WHAT YOU SHOULD DO –
Below is a listing; repeat exactly the lines from the one containing "text \<open>Unnormalised posterior" to the one containing "and at least", both included.

───── INFORMATION SUPPLIED

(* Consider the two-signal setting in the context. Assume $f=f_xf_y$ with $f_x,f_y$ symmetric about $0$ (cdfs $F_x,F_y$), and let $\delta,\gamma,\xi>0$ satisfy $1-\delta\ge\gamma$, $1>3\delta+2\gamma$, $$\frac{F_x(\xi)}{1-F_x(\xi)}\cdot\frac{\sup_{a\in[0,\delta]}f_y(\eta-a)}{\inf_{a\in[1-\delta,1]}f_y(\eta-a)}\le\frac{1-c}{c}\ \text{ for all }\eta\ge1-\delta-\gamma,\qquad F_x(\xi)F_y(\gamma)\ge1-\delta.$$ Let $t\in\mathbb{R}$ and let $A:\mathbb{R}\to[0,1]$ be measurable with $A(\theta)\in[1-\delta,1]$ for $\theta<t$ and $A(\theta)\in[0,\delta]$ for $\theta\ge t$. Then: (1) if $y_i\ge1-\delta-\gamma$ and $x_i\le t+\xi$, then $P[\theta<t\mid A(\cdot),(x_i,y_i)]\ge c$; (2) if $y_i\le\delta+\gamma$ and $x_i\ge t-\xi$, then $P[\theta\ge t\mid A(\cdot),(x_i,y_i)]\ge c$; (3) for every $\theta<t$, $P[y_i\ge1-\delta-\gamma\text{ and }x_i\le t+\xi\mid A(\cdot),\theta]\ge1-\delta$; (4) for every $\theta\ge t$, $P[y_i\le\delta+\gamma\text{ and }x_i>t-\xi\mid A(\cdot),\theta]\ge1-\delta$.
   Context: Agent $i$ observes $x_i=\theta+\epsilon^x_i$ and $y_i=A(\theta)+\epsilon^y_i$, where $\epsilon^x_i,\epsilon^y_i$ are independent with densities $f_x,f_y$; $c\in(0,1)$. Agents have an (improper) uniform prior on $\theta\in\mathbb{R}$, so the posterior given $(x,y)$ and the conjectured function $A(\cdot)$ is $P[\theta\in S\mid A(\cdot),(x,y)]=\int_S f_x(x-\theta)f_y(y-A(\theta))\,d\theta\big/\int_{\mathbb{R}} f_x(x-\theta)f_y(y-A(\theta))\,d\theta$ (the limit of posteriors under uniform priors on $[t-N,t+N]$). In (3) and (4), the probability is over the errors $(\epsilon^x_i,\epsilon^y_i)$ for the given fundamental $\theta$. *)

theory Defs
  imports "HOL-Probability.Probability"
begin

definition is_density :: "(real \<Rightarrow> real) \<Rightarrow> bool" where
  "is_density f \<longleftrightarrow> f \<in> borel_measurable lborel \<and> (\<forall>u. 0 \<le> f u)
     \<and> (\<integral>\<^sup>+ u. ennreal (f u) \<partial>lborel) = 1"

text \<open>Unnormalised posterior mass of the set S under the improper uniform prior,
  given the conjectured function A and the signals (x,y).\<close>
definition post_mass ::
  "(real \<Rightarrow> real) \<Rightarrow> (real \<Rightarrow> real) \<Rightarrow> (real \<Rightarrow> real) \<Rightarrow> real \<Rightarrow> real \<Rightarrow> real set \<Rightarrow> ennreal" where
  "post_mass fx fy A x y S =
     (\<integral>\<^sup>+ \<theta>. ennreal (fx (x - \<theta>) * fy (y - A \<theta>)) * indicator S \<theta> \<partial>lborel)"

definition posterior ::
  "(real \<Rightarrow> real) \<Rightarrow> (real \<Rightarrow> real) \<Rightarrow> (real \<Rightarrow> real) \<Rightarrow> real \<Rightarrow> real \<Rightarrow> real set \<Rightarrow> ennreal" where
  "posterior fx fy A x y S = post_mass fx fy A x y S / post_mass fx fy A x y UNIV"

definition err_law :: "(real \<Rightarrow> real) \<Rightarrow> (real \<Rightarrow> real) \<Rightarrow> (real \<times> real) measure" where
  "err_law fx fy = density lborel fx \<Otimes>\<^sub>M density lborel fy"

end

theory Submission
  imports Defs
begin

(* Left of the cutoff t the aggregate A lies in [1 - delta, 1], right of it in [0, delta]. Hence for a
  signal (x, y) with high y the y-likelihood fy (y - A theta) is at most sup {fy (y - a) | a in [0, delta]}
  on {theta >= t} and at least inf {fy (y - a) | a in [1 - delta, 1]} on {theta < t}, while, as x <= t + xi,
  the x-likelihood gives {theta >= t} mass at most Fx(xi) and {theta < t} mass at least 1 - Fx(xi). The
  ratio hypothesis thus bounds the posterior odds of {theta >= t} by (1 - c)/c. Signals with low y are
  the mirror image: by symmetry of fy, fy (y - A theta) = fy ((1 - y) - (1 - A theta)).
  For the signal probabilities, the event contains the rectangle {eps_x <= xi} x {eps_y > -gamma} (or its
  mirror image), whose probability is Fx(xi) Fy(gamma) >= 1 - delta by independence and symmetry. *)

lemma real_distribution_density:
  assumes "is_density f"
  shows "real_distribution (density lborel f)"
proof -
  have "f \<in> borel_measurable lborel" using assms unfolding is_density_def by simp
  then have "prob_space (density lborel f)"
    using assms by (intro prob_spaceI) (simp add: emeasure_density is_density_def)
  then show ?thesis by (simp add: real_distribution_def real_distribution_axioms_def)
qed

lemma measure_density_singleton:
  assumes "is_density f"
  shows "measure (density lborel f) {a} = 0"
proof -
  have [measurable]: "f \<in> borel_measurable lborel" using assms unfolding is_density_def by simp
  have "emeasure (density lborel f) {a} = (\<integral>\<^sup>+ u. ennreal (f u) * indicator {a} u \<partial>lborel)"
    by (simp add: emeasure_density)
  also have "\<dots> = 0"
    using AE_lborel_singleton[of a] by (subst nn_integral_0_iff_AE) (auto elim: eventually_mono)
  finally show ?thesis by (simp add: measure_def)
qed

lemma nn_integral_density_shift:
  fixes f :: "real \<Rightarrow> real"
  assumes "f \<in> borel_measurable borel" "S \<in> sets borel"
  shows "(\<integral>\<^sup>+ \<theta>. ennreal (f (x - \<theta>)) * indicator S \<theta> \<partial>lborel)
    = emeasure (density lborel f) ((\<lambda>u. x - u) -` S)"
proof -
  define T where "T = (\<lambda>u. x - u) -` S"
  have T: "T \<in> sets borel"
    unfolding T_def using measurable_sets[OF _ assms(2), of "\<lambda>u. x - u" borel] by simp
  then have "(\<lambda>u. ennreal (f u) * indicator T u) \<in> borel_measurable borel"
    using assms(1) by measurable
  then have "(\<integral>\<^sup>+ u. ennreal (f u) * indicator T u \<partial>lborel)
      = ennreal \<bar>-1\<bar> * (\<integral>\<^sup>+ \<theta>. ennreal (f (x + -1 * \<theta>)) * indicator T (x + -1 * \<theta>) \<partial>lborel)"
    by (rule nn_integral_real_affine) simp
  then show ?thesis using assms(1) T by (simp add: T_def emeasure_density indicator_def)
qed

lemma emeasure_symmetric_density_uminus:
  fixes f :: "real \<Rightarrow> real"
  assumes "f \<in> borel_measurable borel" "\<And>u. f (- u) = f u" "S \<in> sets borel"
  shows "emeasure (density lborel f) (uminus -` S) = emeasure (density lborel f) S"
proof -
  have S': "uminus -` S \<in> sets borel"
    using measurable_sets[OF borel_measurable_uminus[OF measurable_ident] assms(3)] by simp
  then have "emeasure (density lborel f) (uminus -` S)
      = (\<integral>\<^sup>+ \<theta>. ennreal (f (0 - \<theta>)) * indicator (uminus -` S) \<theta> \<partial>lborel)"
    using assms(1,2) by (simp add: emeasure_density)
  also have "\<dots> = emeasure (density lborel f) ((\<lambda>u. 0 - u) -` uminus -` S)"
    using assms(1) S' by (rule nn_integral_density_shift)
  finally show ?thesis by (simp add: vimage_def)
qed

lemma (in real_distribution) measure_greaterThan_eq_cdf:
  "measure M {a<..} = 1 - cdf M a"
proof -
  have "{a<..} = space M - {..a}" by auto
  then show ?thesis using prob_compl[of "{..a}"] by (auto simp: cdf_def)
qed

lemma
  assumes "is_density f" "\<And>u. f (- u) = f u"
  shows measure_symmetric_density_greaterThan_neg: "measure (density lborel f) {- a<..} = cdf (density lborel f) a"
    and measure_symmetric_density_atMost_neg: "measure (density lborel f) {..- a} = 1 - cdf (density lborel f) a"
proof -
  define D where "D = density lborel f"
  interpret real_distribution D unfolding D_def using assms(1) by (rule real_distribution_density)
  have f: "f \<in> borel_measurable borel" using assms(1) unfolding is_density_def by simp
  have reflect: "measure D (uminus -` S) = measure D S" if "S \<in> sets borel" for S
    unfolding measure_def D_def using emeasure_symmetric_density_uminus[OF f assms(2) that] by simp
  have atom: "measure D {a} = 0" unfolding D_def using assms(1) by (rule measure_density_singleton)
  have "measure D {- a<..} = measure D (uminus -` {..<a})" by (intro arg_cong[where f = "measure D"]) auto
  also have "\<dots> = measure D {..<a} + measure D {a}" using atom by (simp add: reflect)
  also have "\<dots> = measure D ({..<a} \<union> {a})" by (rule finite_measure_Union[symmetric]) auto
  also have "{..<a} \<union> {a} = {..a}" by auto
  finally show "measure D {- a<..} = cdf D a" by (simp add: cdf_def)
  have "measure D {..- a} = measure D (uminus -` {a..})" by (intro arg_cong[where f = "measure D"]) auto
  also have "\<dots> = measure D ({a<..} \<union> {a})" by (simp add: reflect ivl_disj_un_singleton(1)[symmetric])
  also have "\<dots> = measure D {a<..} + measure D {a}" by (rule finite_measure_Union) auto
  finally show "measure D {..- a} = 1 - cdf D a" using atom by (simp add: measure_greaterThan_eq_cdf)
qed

──────────

SOLUTION FOR THIS PROBLEM –
text \<open>Unnormalised posterior mass of the set S under the improper uniform prior,
  given the conjectured function A and the signals (x,y).\<close>
definition post_mass ::
  "(real \<Rightarrow> real) \<Rightarrow> (real \<Rightarrow> real) \<Rightarrow> (real \<Rightarrow> real) \<Rightarrow> real \<Rightarrow> real \<Rightarrow> real set \<Rightarrow> ennreal" where
  "post_mass fx fy A x y S =
     (\<integral>\<^sup>+ \<theta>. ennreal (fx (x - \<theta>) * fy (y - A \<theta>)) * indicator S \<theta> \<partial>lborel)"

definition posterior ::
  "(real \<Rightarrow> real) \<Rightarrow> (real \<Rightarrow> real) \<Rightarrow> (real \<Rightarrow> real) \<Rightarrow> real \<Rightarrow> real \<Rightarrow> real set \<Rightarrow> ennreal" where
  "posterior fx fy A x y S = post_mass fx fy A x y S / post_mass fx fy A x y UNIV"

definition err_law :: "(real \<Rightarrow> real) \<Rightarrow> (real \<Rightarrow> real) \<Rightarrow> (real \<times> real) measure" where
  "err_law fx fy = density lborel fx \<Otimes>\<^sub>M density lborel fy"

end

theory Submission
  imports Defs
begin

(* Left of the cutoff t the aggregate A lies in [1 - delta, 1], right of it in [0, delta]. Hence for a
  signal (x, y) with high y the y-likelihood fy (y - A theta) is at most sup {fy (y - a) | a in [0, delta]}
  on {theta >= t} and at least inf {fy (y - a) | a in [1 - delta, 1]} on {theta < t}, while, as x <= t + xi,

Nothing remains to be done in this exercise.